lemma Union_cycle_edges: "\<Union>(cycle_edges cs) = set cs"
proof
  show "\<Union>(cycle_edges cs) \<subseteq> set cs"
  proof
    fix x assume "x \<in> \<Union>(cycle_edges cs)"
    then obtain i where i: "i < length cs" "x \<in> {cs ! i, cs ! ((i + 1) mod length cs)}"
      unfolding cycle_edges_def by blast
    have "0 < length cs" using i(1) by linarith
    then have "(i + 1) mod length cs < length cs" by simp
    then show "x \<in> set cs" using i by auto
  qed
  show "set cs \<subseteq> \<Union>(cycle_edges cs)"
  proof
    fix x assume "x \<in> set cs"
    then obtain i where i: "i < length cs" "cs ! i = x" by (auto simp: in_set_conv_nth)
    then have "{cs ! i, cs ! ((i + 1) mod length cs)} \<in> cycle_edges cs"
      unfolding cycle_edges_def by blast
    then show "x \<in> \<Union>(cycle_edges cs)" using i by blast
  qed
qed

lemma nth_edge_in_cycle_edges: "Suc k < length cs \<Longrightarrow> {cs ! k, cs ! Suc k} \<in> cycle_edges cs"
  unfolding cycle_edges_def by (intro CollectI exI[of _ k]) simp

lemma card_cycle_edges:
  assumes "distinct cs" "3 \<le> length cs"
  shows "card (cycle_edges cs) = length cs"
proof -
  let ?L = "length cs"
  let ?f = "\<lambda>i. {cs ! i, cs ! (Suc i mod ?L)}"
  have "inj_on ?f {..<?L}"
  proof
    fix i j assume i: "i \<in> {..<?L}" and j: "j \<in> {..<?L}" and eq: "?f i = ?f j"
    have idx: "cs ! a = cs ! b \<longleftrightarrow> a = b" if "a < ?L" "b < ?L" for a b
      using assms(1) that by (simp add: nth_eq_iff_index_eq)
    have suc: "Suc k mod ?L < ?L" for k using assms(2) by (intro mod_less_divisor) linarith
    show "i = j"
    proof (rule ccontr)
      assume "i \<noteq> j"
      with eq have "i = Suc j mod ?L" "j = Suc i mod ?L"
        using i j idx suc by (auto simp: doubleton_eq_iff)
      then have "Suc (Suc i) mod ?L = i mod ?L" using i by (simp add: mod_Suc_eq)
      then have "?L dvd 2" using mod_eq_dvd_iff_nat[of i "Suc (Suc i)" ?L] by simp
      then have "?L \<le> 2" by (rule dvd_imp_le) simp
      then show False using assms(2) by linarith
    qed
  qed
  moreover have "cycle_edges cs = ?f ` {..<?L}" unfolding cycle_edges_def by auto
  ultimately show ?thesis by (simp add: card_image)
qed

lemma ex_rotate_hd: "x \<in> set cs \<Longrightarrow> \<exists>n. hd (rotate n cs) = x"
  by (metis hd_rotate_conv_nth in_set_conv_nth length_pos_if_in_set list.size(3) mod_less
      not_less_zero)

lemma ex_rotate_closing_edge:
  assumes "e \<in> cycle_edges cs"
  shows "\<exists>n. {last (rotate n cs), hd (rotate n cs)} = e"
proof -
  obtain i where i: "i < length cs" "e = {cs ! i, cs ! (Suc i mod length cs)}"
    using assms unfolding cycle_edges_def by auto
  let ?r = "rotate (Suc i) cs"
  have ne: "cs \<noteq> []" using i(1) by auto
  have "last ?r = ?r ! (length cs - 1)" using ne by (simp add: last_conv_nth)
  also have "\<dots> = cs ! ((Suc i + (length cs - 1)) mod length cs)"
    using ne nth_rotate[of "length cs - 1" cs "Suc i"] by simp
  also have "(Suc i + (length cs - 1)) mod length cs = i"
  proof -
    have "Suc i + (length cs - 1) = i + length cs" using i(1) by linarith
    then show ?thesis using i(1) by simp
  qed
  finally have "last ?r = cs ! i" .
  moreover have "hd ?r = cs ! (Suc i mod length cs)" by (rule hd_rotate_conv_nth[OF ne])
  ultimately have "{last ?r, hd ?r} = e" using i(2) by (simp only:)
  then show ?thesis by blast
qed

lemma last_hd_in_cycle_edges: "cs \<noteq> [] \<Longrightarrow> {last cs, hd cs} \<in> cycle_edges cs"
  by (simp add: cycle_edges_conv_path_edges)

lemma cycle_vertex_two_neighbours:
  assumes "is_cycle E cs" "x \<in> set cs"
  shows "\<exists>y z. y \<noteq> z \<and> {x, y} \<in> E \<and> {x, z} \<in> E"
proof -
  obtain n where n: "hd (rotate n cs) = x" using ex_rotate_hd[OF assms(2)] by blast
  let ?r = "rotate n cs"
  have "distinct ?r" "3 \<le> length ?r" "cycle_edges ?r \<subseteq> E"
    using assms(1) by (auto simp: is_cycle_iff_edges cycle_edges_rotate)
  moreover obtain y ys where r: "?r = x # y # ys" using n \<open>3 \<le> length ?r\<close>
    by (cases ?r; cases "tl ?r") auto
  ultimately have "y \<noteq> last ?r" "{x, y} \<in> E" "{x, last ?r} \<in> E"
    using nth_edge_in_cycle_edges[of 0 ?r] last_hd_in_cycle_edges[of ?r]
    by (auto simp: r insert_commute)
  then show ?thesis by blast
qed

lemma cycle_edge_endpoints:
  assumes "{x, y} \<in> cycle_edges cs" "distinct cs" "3 \<le> length cs"
  shows "x \<noteq> y \<and> x \<in> set cs \<and> y \<in> set cs"
proof -
  obtain i where i: "i < length cs" "{x, y} = {cs ! i, cs ! (Suc i mod length cs)}"
    using assms(1) unfolding cycle_edges_def by auto
  have "Suc i mod length cs \<noteq> i \<and> Suc i mod length cs < length cs"
  proof (cases "Suc i < length cs")
    case False
    then have "Suc i = length cs" using i(1) by linarith
    then show ?thesis using assms(3) by auto
  qed simp
  then have "cs ! i \<noteq> cs ! (Suc i mod length cs)"
    using assms(2) i(1) by (simp add: nth_eq_iff_index_eq)
  then have "x \<noteq> y" using i(2) by (metis doubleton_eq_iff)
  moreover have "x \<in> set cs" "y \<in> set cs"
    using assms(1) Union_cycle_edges[of cs] by blast+
  ultimately show ?thesis by simp
qed

lemma cycle_in_cycle_edges:
  assumes "is_cycle (cycle_edges ks) ds" "distinct ks" "length ks \<le> length ds"
  shows "cycle_edges ds = cycle_edges ks"
proof -
  have ds: "distinct ds" "3 \<le> length ds" "cycle_edges ds \<subseteq> cycle_edges ks"
    using assms(1) by (auto simp: is_cycle_iff_edges)
  have "set ds \<subseteq> set ks" using ds(3) by (metis Union_cycle_edges Union_mono)
  then have "length ds \<le> length ks"
    using ds(1) assms(2) by (metis card_mono distinct_card finite_set)
  then have "card (cycle_edges ds) = card (cycle_edges ks)"
    using card_cycle_edges[of ds] card_cycle_edges[of ks] ds(1,2) assms(2,3) by simp
  then show ?thesis using ds(3) by (simp add: card_subset_eq finite_cycle_edges)
qed
(* Let $\mathfrak{g}$ be a solvable Lie algebra of dimension $n$ (over $\mathbb{C}$, or real and complexified), with $k=\dim H^1(\mathfrak{g})$, weights $\alpha_{k+1},\dots,\alpha_n$ of the completely reducible representation associated to $\mathrm{ad}|_{[\mathfrak{g},\mathfrak{g}]}$, and let $\Omega_{\mathfrak{g}}$ be the finite set of all sums $\alpha_{i_1}+\dots+\alpha_{i_p}$, $k+1\le i_1<\dots<i_p\le n$, $p\ge 1$. Then there is a subset $\tilde\Omega_{\mathfrak{g}}\subseteq\Omega_{\mathfrak{g}}$, depending only on $\mathfrak{g}$, such that for every closed $1$-form $\omega\in\mathfrak{g}^*$ and scalar $\lambda$, the cohomology $H^*_{\lambda\omega}(\mathfrak{g})$ is non-trivial if and only if $-\lambda\omega\in\{0\}\cup\tilde\Omega_{\mathfrak{g}}$. In particular the set of such $-\lambda\omega$ is a finite subset of $H^1(\mathfrak{g})$.
   Context: The differential $d$ on $\Lambda^*(\mathfrak{g}^* )$ is $df(X_1,\dots,X_{q+1})=\sum_{1\le i<j\le q+1}(-1)^{i+j-1}f([X_i,X_j],X_1,\dots,\hat X_i,\dots,\hat X_j,\dots,X_{q+1})$; closed $1$-forms on $\mathfrak{g}$ are identified with $H^1(\mathfrak{g})$. For a closed $1$-form $\omega$ and scalar $\lambda$, $H^*_{\lambda\omega}(\mathfrak{g})$ is the cohomology of $\Lambda^*(\mathfrak{g}^* )$ with differential $d_{\lambda\omega}(a)=da+\lambda\omega\wedge a$ (the cohomology of $\mathfrak{g}$ with coefficients in the one-dimensional representation $\xi\mapsto\lambda\omega(\xi)$). The weights $\alpha_j\in\mathfrak{g}^*$ are the linear forms by which $\mathfrak{g}$ acts on the one-dimensional quotients of an $\mathrm{ad}$-invariant flag in $[\mathfrak{g},\mathfrak{g}]$ (Lie's theorem). *)

theory Defs
  imports "HOL-Analysis.Analysis"
begin

text \<open>A finite-dimensional complex Lie algebra is modelled on the complex vector space
  complex^'n (dimension CARD('n)), with a bracket br.\<close>

type_synonym 'n lvec = "complex ^ 'n"

definition lie_algebra :: "('n::finite lvec \<Rightarrow> 'n lvec \<Rightarrow> 'n lvec) \<Rightarrow> bool" where
  "lie_algebra br \<longleftrightarrow>
     (\<forall>a b x y z. br (a *s x + b *s y) z = a *s br x z + b *s br y z) \<and>
     (\<forall>a b x y z. br z (a *s x + b *s y) = a *s br z x + b *s br z y) \<and>
     (\<forall>x. br x x = 0) \<and>
     (\<forall>x y z. br x (br y z) + br y (br z x) + br z (br x y) = 0)"

definition derived :: "('n::finite lvec \<Rightarrow> 'n lvec \<Rightarrow> 'n lvec) \<Rightarrow> 'n lvec set \<Rightarrow> 'n lvec set" where
  "derived br S = vec.span {br x y | x y. x \<in> S \<and> y \<in> S}"

definition solvable_lie :: "('n::finite lvec \<Rightarrow> 'n lvec \<Rightarrow> 'n lvec) \<Rightarrow> bool" where
  "solvable_lie br \<longleftrightarrow> lie_algebra br \<and> (\<exists>m. (derived br ^^ m) UNIV = {0})"

definition clinear_form :: "('n::finite lvec \<Rightarrow> complex) \<Rightarrow> bool" where
  "clinear_form f \<longleftrightarrow> (\<forall>a b x y. f (a *s x + b *s y) = a * f x + b * f y)"

text \<open>Closed 1-forms: d omega = 0, i.e. omega vanishes on all brackets.\<close>
definition closed_form :: "('n::finite lvec \<Rightarrow> 'n lvec \<Rightarrow> 'n lvec) \<Rightarrow> ('n lvec \<Rightarrow> complex) \<Rightarrow> bool" where
  "closed_form br \<omega> \<longleftrightarrow> clinear_form \<omega> \<and> (\<forall>x y. \<omega> (br x y) = 0)"

text \<open>q-cochains: alternating complex-multilinear forms in the arguments X 0, ..., X (q-1),
  not depending on the remaining arguments.\<close>
definition cochain :: "nat \<Rightarrow> ((nat \<Rightarrow> 'n::finite lvec) \<Rightarrow> complex) \<Rightarrow> bool" where
  "cochain q f \<longleftrightarrow>
     (\<forall>X Y. (\<forall>i<q. X i = Y i) \<longrightarrow> f X = f Y) \<and>
     (\<forall>i<q. \<forall>X a b u v. f (X(i := a *s u + b *s v)) = a * f (X(i := u)) + b * f (X(i := v))) \<and>
     (\<forall>X i j. i < q \<longrightarrow> j < q \<longrightarrow> i \<noteq> j \<longrightarrow> X i = X j \<longrightarrow> f X = 0)"

definition del_arg :: "nat \<Rightarrow> (nat \<Rightarrow> 'a) \<Rightarrow> nat \<Rightarrow> 'a" where
  "del_arg i X = (\<lambda>k. if k < i then X k else X (Suc k))"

══════════════════════════════

**EXERCISE BRIEF**
What you return should be the lines from the start of the data through the line with "using mod_eq_dvd_iff_nat[of i", quoted exactly and nothing more.

**OUTPUT**
lemma Union_cycle_edges: "\<Union>(cycle_edges cs) = set cs"
proof
  show "\<Union>(cycle_edges cs) \<subseteq> set cs"
  proof
    fix x assume "x \<in> \<Union>(cycle_edges cs)"
    then obtain i where i: "i < length cs" "x \<in> {cs ! i, cs ! ((i + 1) mod length cs)}"
      unfolding cycle_edges_def by blast
    have "0 < length cs" using i(1) by linarith
    then have "(i + 1) mod length cs < length cs" by simp
    then show "x \<in> set cs" using i by auto
  qed
  show "set cs \<subseteq> \<Union>(cycle_edges cs)"
  proof
    fix x assume "x \<in> set cs"
    then obtain i where i: "i < length cs" "cs ! i = x" by (auto simp: in_set_conv_nth)
    then have "{cs ! i, cs ! ((i + 1) mod length cs)} \<in> cycle_edges cs"
      unfolding cycle_edges_def by blast
    then show "x \<in> \<Union>(cycle_edges cs)" using i by blast
  qed
qed

lemma nth_edge_in_cycle_edges: "Suc k < length cs \<Longrightarrow> {cs ! k, cs ! Suc k} \<in> cycle_edges cs"
  unfolding cycle_edges_def by (intro CollectI exI[of _ k]) simp

lemma card_cycle_edges:
  assumes "distinct cs" "3 \<le> length cs"
  shows "card (cycle_edges cs) = length cs"
proof -
  let ?L = "length cs"
  let ?f = "\<lambda>i. {cs ! i, cs ! (Suc i mod ?L)}"
  have "inj_on ?f {..<?L}"
  proof
    fix i j assume i: "i \<in> {..<?L}" and j: "j \<in> {..<?L}" and eq: "?f i = ?f j"
    have idx: "cs ! a = cs ! b \<longleftrightarrow> a = b" if "a < ?L" "b < ?L" for a b
      using assms(1) that by (simp add: nth_eq_iff_index_eq)
    have suc: "Suc k mod ?L < ?L" for k using assms(2) by (intro mod_less_divisor) linarith
    show "i = j"
    proof (rule ccontr)
      assume "i \<noteq> j"
      with eq have "i = Suc j mod ?L" "j = Suc i mod ?L"
        using i j idx suc by (auto simp: doubleton_eq_iff)
      then have "Suc (Suc i) mod ?L = i mod ?L" using i by (simp add: mod_Suc_eq)
      then have "?L dvd 2" using mod_eq_dvd_iff_nat[of i "Suc (Suc i)" ?L] by simp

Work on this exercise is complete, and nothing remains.